The Correct Option is C

Solution and Explanation

Step 1: Understanding the Concept:
Electric flux through a closed surface is a measure of the total number of electric field lines passing through that surface.
Gauss's Law provides a powerful way to calculate this flux without performing complex surface integrals.
It states that the net flux (\(\Phi\)) through any closed Gaussian surface is equal to the net charge enclosed by the surface (\(q_{enclosed}\)) divided by the permittivity of free space (\(\epsilon_0\)).
Crucially, charges located outside the surface contribute zero to the net flux, as any field lines entering the volume from an external charge must also leave it.
The shape or size of the surface does not matter, as long as it is closed; only the magnitude and sign of the internal charges determine the flux.
Key Formula or Approach:
1. Gauss's Law: \[ \Phi = \frac{q_{enclosed}}{\epsilon_0} \]

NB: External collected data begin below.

(* Let $\mu$ be the law of a noisy process and $\nu$ the law of a Gaussian noisy process, and fix $n\ge2$. Assume (1) for every $\mathbf x\in\mathbb R^n$, the mean vectors and covariance matrices of $P_{\mathbf x}\mu$ and $P_{\mathbf x}\nu$ exist and all their entries are bounded in absolute value by a constant $M>0$; (2) the noise variances of $\mu$ and $\nu$ are both at least $\sigma^2>0$. Then for every $\mathbf x\in\mathbb R^n$, $$\operatorname{KL}(P_{\mathbf x}\mu,P_{\mathbf x}\nu)\le\frac{4n^2(M\vee1)^2}{\sigma^2}.$$
   Context: A stochastic process $f$ on $\mathbb R$ is noisy with noise variance $\sigma^2>0$ if $f=f^{\mathrm s}+f^{\mathrm n}$ with $f^{\mathrm s},f^{\mathrm n}$ independent, $f^{\mathrm s}$ (smooth part) having continuous sample paths, and $(f^{\mathrm n}(x_1),\dots,f^{\mathrm n}(x_n))\sim\mathcal N(\mathbf 0,\sigma^2\mathbf I_n)$ for pairwise distinct $x_i$; it is a Gaussian noisy process if $f^{\mathrm s}$ is Gaussian. Convention: for a noisy process with law $\mu$ and noise variance $\sigma_\mu^2$, and $\mathbf x\in\mathbb R^n$ (entries possibly repeated), $P_{\mathbf x}\mu$ is the law of $(f^{\mathrm s}(x_1),\dots,f^{\mathrm s}(x_n))+\boldsymbol\varepsilon$ with $\boldsymbol\varepsilon\sim\mathcal N(\mathbf 0,\sigma_\mu^2\mathbf I_n)$ independent of $f^{\mathrm s}$. *)

theory Defs
  imports "HOL-Probability.Probability"
begin

definition real_gaussian_rv :: "'w measure \<Rightarrow> ('w \<Rightarrow> real) \<Rightarrow> bool" where
  "real_gaussian_rv M X \<longleftrightarrow> X \<in> borel_measurable M \<and>
     (\<exists>m s. distr M borel X = return borel m \<or>
            (s > 0 \<and> distr M borel X = density lborel (normal_density m s)))"

text \<open>Smooth part of a noisy process: a process on a probability space with continuous
  sample paths (each coordinate a random variable).\<close>
definition smooth_process :: "'w measure \<Rightarrow> ('w \<Rightarrow> real \<Rightarrow> real) \<Rightarrow> bool" where
  "smooth_process M fs \<longleftrightarrow> prob_space M \<and>
     (\<forall>t. (\<lambda>\<omega>. fs \<omega> t) \<in> borel_measurable M) \<and>
     (\<forall>\<omega>\<in>space M. continuous_on UNIV (fs \<omega>))"

definition gaussian_process :: "'w measure \<Rightarrow> ('w \<Rightarrow> real \<Rightarrow> real) \<Rightarrow> bool" where
  "gaussian_process M fs \<longleftrightarrow>
     (\<forall>(T :: real set) (c :: real \<Rightarrow> real). finite T \<longrightarrow>
        real_gaussian_rv M (\<lambda>\<omega>. \<Sum>t\<in>T. c t * fs \<omega> t))"

definition iid_gauss :: "real \<Rightarrow> (real ^ 'n) measure" where
  "iid_gauss v = density lborel (\<lambda>y. \<Prod>i\<in>UNIV. normal_density 0 (sqrt v) (y $ i))"

text \<open>P_x mu: law of (f^s(x_1),...,f^s(x_n)) + eps, eps ~ N(0, v I_n) independent of f^s.
  The noisy process law mu is represented by its smooth part (M, fs) and noise variance v.\<close>
definition Px :: "'w measure \<Rightarrow> ('w \<Rightarrow> real \<Rightarrow> real) \<Rightarrow> real \<Rightarrow> real ^ 'n \<Rightarrow> (real ^ 'n) measure" where
  "Px M fs v x = distr (M \<Otimes>\<^sub>M iid_gauss v) borel
      (\<lambda>(\<omega>, e). (\<chi> i. fs \<omega> (x $ i)) + e)"

definition mean_vec :: "(real ^ 'n) measure \<Rightarrow> 'n \<Rightarrow> real" where
  "mean_vec P i = (\<integral>y. y $ i \<partial>P)"

definition cov_mat :: "(real ^ 'n) measure \<Rightarrow> 'n \<Rightarrow> 'n \<Rightarrow> real" where
  "cov_mat P i j = (\<integral>y. (y $ i - mean_vec P i) * (y $ j - mean_vec P j) \<partial>P)"

definition has_mean_cov :: "(real ^ 'n) measure \<Rightarrow> bool" where
  "has_mean_cov P \<longleftrightarrow> (\<forall>i. integrable P (\<lambda>y. (y $ i)\<^sup>2))"

text \<open>Note the library's KL_divergence b Q P is int log_b(dP/dQ) dP.\<close>
definition KL :: "'a measure \<Rightarrow> 'a measure \<Rightarrow> ereal" where
  "KL P Q = (if absolutely_continuous Q P \<and> integrable P (entropy_density (exp 1) Q P)
             then ereal (KL_divergence (exp 1) Q P) else \<infinity>)"

end

theory Submission
  imports Defs
begin
lemma sum_card_reduce_fibres:
  assumes S: "S \<subseteq> grid n k" and d: "d \<in> dirs k m" and m: "1 \<le> m" and k: "0 < k"
  shows "(\<Sum>x\<in>reduced_box k n m. card {y \<in> S. reduce d y = x}) = card S"
proof -
  have "finite S" using S finite_grid by (rule finite_subset)
  moreover have "reduce d ` S \<subseteq> reduced_box k n m"
    using S reduce_in_reduced_box[OF _ d m k] by blast
  ultimately show ?thesis
    using sum.group[of S "reduced_box k n m" "reduce d" "\<lambda>_. 1::nat"] finite_reduced_box by simp
qed

lemma sum_choose_reduce_fibres_ge:
  assumes S: "S \<subseteq> grid n k" and d: "d \<in> dirs k m" and m: "1 \<le> m" and k: "0 < k" and n: "1 \<le> n"
    and big: "2 * k * (m * (2 * n) ^ (k - 1)) \<le> card S"
  shows "real (card S) ^ k / (2 ^ k * real k ^ k * (2 * real n) ^ ((k - 1) * (k - 1))) / real m ^ (k - 1)
    \<le> (\<Sum>x\<in>reduced_box k n m. real (card {y \<in> S. reduce d y = x} choose k))"
proof -
  have "(\<lambda>i. if i < k then 1 else 0) \<in> reduced_box k n m"
    using m n by (auto simp: reduced_box_def coord_box_def)
  then have ne: "reduced_box k n m \<noteq> {}" by blast
  have sums: "(\<Sum>x\<in>reduced_box k n m. card {y \<in> S. reduce d y = x}) = card S"
    by (rule sum_card_reduce_fibres[OF S d m k])
  have "real (card S) ^ k / (2 ^ k * real k ^ k * real (m * (2 * n) ^ (k - 1)) ^ (k - 1))
    \<le> (\<Sum>x\<in>reduced_box k n m. real (card {y \<in> S. reduce d y = x} choose k))"
    using sum_choose_ge_power_sum[OF finite_reduced_box ne k, of "\<lambda>x. card {y \<in> S. reduce d y = x}"]
    using big by (simp only: sums card_reduced_box[OF k])
  moreover have "real (m * (2 * n) ^ (k - 1)) ^ (k - 1)
      = real m ^ (k - 1) * (2 * real n) ^ ((k - 1) * (k - 1))"
    by (simp add: power_mult_distrib power_mult)
  ultimately show ?thesis by (simp add: divide_divide_eq_left ac_simps)
qed

lemma sum_choose_primitive_fibres_ge:
  assumes S: "S \<subseteq> grid n k" and k: "3 \<le> k" and m: "1 \<le> m" and n: "1 \<le> n"
    and big: "2 * k * (m * (2 * n) ^ (k - 1)) \<le> card S"
  shows "real (card S) ^ k / (2 ^ k * real k ^ k * (2 * real n) ^ ((k - 1) * (k - 1))) / 4
    \<le> (\<Sum>d\<in>{d \<in> dirs k m. primitive k d}.
          \<Sum>x\<in>reduced_box k n m. real (card {y \<in> S. reduce d y = x} choose k))"
proof -
  define P where "P = real (card S) ^ k / (2 ^ k * real k ^ k * (2 * real n) ^ ((k - 1) * (k - 1)))"
  define D where "D = {d \<in> dirs k m. primitive k d}"
  have "real m ^ (k - 1) / 4 * (P / real m ^ (k - 1)) \<le> real (card D) * (P / real m ^ (k - 1))"
    using card_primitive_dirs[OF k m] by (intro mult_right_mono) (auto simp: D_def P_def)
  also have "\<dots> = (\<Sum>d\<in>D. P / real m ^ (k - 1))" by simp
  also have "\<dots> \<le> (\<Sum>d\<in>D. \<Sum>x\<in>reduced_box k n m. real (card {y \<in> S. reduce d y = x} choose k))"
    using sum_choose_reduce_fibres_ge[OF S _ m _ n big] k
    by (intro sum_mono) (auto simp: P_def D_def)
  finally show ?thesis using m by (simp add: P_def D_def)
qed

lemma spanned_edges_ge_directions:
  assumes S: "S \<subseteq> grid n k" and k: "3 \<le> k" and n: "1 \<le> n"
    and big: "2 * k * (M * (2 * n) ^ (k - 1)) \<le> card S"
  shows "real M * (real (card S) ^ k / (2 ^ k * real k ^ k * (2 * real n) ^ ((k - 1) * (k - 1)))) / 4
    \<le> real (spanned_edges n k k S)"
proof -
  define P where "P = real (card S) ^ k / (2 ^ k * real k ^ k * (2 * real n) ^ ((k - 1) * (k - 1)))"
  define D where "D m = {d \<in> dirs k m. primitive k d}" for m
  define I where "I = (SIGMA m:{1..M}. SIGMA d:D m. reduced_box k n m)"
  define F where "F p = {y \<in> S. reduce (fst (snd p)) y = snd (snd p)}"
    for p :: "nat \<times> (nat \<Rightarrow> int) \<times> (nat \<Rightarrow> int)"
  have k0: "0 < k" using k by simp
  have finD: "finite (D m)" for m using finite_dirs[of k m] by (simp add: D_def)
  have "(\<Sum>p\<in>I. card (F p) choose k) \<le> spanned_edges n k k S"
  proof (rule spanned_edges_ge_sum_choose[OF _ _ S])
    show "finite I" unfolding I_def using finD finite_reduced_box by (intro finite_SigmaI) auto
    show "2 \<le> k" using k by simp
    show "F p \<subseteq> S" for p by (auto simp: F_def)
    show "on_common_line k (F p)" if "p \<in> I" for p
    proof -
      obtain m d x where p: "p = (m, d, x)" "m \<in> {1..M}" "d \<in> dirs k m"
        using \<open>p \<in> I\<close> by (auto simp: I_def D_def)
      then have "d 0 \<noteq> 0" using dirs_first_coord[OF p(3) k0] by simp
      then have "on_common_line k {y. reduce d y = x}" by (rule on_common_line_reduce_fibre[OF k0])
      then show ?thesis by (rule on_common_line_subset) (auto simp: F_def p)
    qed
    show "card (F p \<inter> F q) \<le> 1" if "p \<in> I" "q \<in> I" "p \<noteq> q" for p q
    proof -
      obtain m d x where p: "p = (m, d, x)" "1 \<le> m" "d \<in> dirs k m" "primitive k d"
        using \<open>p \<in> I\<close> by (auto simp: I_def D_def)
      obtain m' d' x' where q: "q = (m', d', x')" "1 \<le> m'" "d' \<in> dirs k m'" "primitive k d'"
        using \<open>q \<in> I\<close> by (auto simp: I_def D_def)
      have "(d, x) \<noteq> (d', x')"
        using \<open>p \<noteq> q\<close> dirs_first_coord[OF p(3) k0] dirs_first_coord[OF q(3) k0] p(1) q(1) by auto
      then show ?thesis
        using reduce_fibres_meet_at_most_once[OF S p(3,4) q(3,4) p(2) q(2) k0] by (simp add: F_def p q)
    qed
  qed
  then have "real (\<Sum>p\<in>I. card (F p) choose k) \<le> real (spanned_edges n k k S)"
    by (simp only: of_nat_le_iff)
  moreover have "real (\<Sum>p\<in>I. card (F p) choose k)
      = (\<Sum>m=1..M. \<Sum>d\<in>D m. \<Sum>x\<in>reduced_box k n m. real (card {y \<in> S. reduce d y = x} choose k))"
    unfolding I_def F_def using finD finite_reduced_box by (simp add: sum.Sigma split_def)
  moreover have "(\<Sum>m=1..M. P / 4)
      \<le> (\<Sum>m=1..M. \<Sum>d\<in>D m. \<Sum>x\<in>reduced_box k n m. real (card {y \<in> S. reduce d y = x} choose k))"
  proof (rule sum_mono)
    fix m assume m: "m \<in> {1..M}"
    then have "2 * k * (m * (2 * n) ^ (k - 1)) \<le> card S"
      using big by (meson atLeastAtMost_iff le_trans mult_le_mono1 mult_le_mono2)
    with m show "P / 4 \<le> (\<Sum>d\<in>D m. \<Sum>x\<in>reduced_box k n m. real (card {y \<in> S. reduce d y = x} choose k))"
      using sum_choose_primitive_fibres_ge[OF S k _ n] by (simp add: P_def D_def)
  qed
  moreover have "(\<Sum>m=1..M. P / 4) = real M * P / 4" by simp
  ultimately show ?thesis unfolding P_def by linarith
qed

lemma density_bound_eq:
  fixes \<gamma> x :: real
  assumes "0 < k" and "0 < x"
  shows "\<gamma> * x / (real k * 2 ^ k) / 2 * ((\<gamma> * x ^ k) ^ k
      / (2 ^ k * real k ^ k * (2 * x) ^ ((k - 1) * (k - 1)))) / 4
    = \<gamma> ^ (k + 1) * x ^ (2 * k) / (real k ^ (k + 1) * 2 ^ (k * k + 4))"
proof -
  obtain j where kj: "k = Suc j" using assms(1) by (cases k) auto
  have "Suc (k * k) = 2 * k + j * j" using kj by simp
  then have x_pow: "x * x ^ (k * k) = x ^ (2 * k) * x ^ (j * j)"
    by (metis power_Suc power_add)
  have "k * k + 4 = k + 1 + k + j * j + 2" using kj by simp
  then have "(2::real) ^ (k * k + 4) = 2 ^ (k + 1 + k + j * j + 2)" by (simp only:)
  also have "\<dots> = 2 ^ k * 2 * 2 ^ k * 2 ^ (j * j) * 4" by (simp only: power_add) simp
  finally have two_pow: "(2::real) ^ (k * k + 4) = 2 ^ k * 2 * 2 ^ k * 2 ^ (j * j) * 4" .
  have "(k - 1) * (k - 1) = j * j" using kj by simp
  then have "\<gamma> * x / (real k * 2 ^ k) / 2 * ((\<gamma> * x ^ k) ^ k
      / (2 ^ k * real k ^ k * (2 * x) ^ ((k - 1) * (k - 1)))) / 4
    = (\<gamma> * \<gamma> ^ k) * (x * x ^ (k * k))
      / (real k * real k ^ k * (2 ^ k * 2 * 2 ^ k * 2 ^ (j * j) * 4) * x ^ (j * j))"
    by (simp add: power_mult_distrib power_mult field_simps)
  also have "\<dots> = \<gamma> ^ (k + 1) * x ^ (2 * k) / (real k ^ (k + 1) * 2 ^ (k * k + 4))"
    using assms(2) unfolding x_pow two_pow[symmetric] by simp
  finally show ?thesis .
qed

2. Identification of enclosed charges based on radius \(r\).
Step 2: Detailed Explanation:
We have two point charges: \(Q_1 = +8\,\mu\)C at \(x = 2\text{ cm}\) and \(Q_2 = -2\,\mu\)C at \(x = 4\text{ cm}\).
The spheres are centered at the origin \((0,0)\).
Case 1: Sphere of radius \(R_1 = 3\text{ cm}\)
The charge at \(x = 2\text{ cm}\) is within the radius (\(2<3\)), so it is enclosed.
The charge at \(x = 4\text{ cm}\) is outside the radius (\(4>3\)), so it is not enclosed.
Net enclosed charge \(q_1 = +8\,\mu\)C.
Flux \(\Phi_1 = \frac{8\,\mu\text{C}}{\epsilon_0}\).
Case 2: Sphere of radius \(R_2 = 5\text{ cm}\)
The charge at \(x = 2\text{ cm}\) is within the radius (\(2<5\)), so it is enclosed.
The charge at \(x = 4\text{ cm}\) is also within the radius (\(4<5\)), so it is enclosed.
Net enclosed charge \(q_2 = +8\,\mu\text{C} + (-2\,\mu\text{C}) = +6\,\mu\)C.
Flux \(\Phi_2 = \frac{6\,\mu\text{C}}{\epsilon_0}\).
Ratio Calculation:
The ratio of fluxes is the ratio of the enclosed charges:
\[ \text{Ratio} = \frac{\Phi_1}{\Phi_2} = \frac{8}{6} \]
Simplifying the fraction by dividing both the numerator and denominator by \(2\):
\[ \text{Ratio} = \frac{4}{3} \]
Step 3: Final Answer:
The ratio of the electric fluxes is \(4 : 3\).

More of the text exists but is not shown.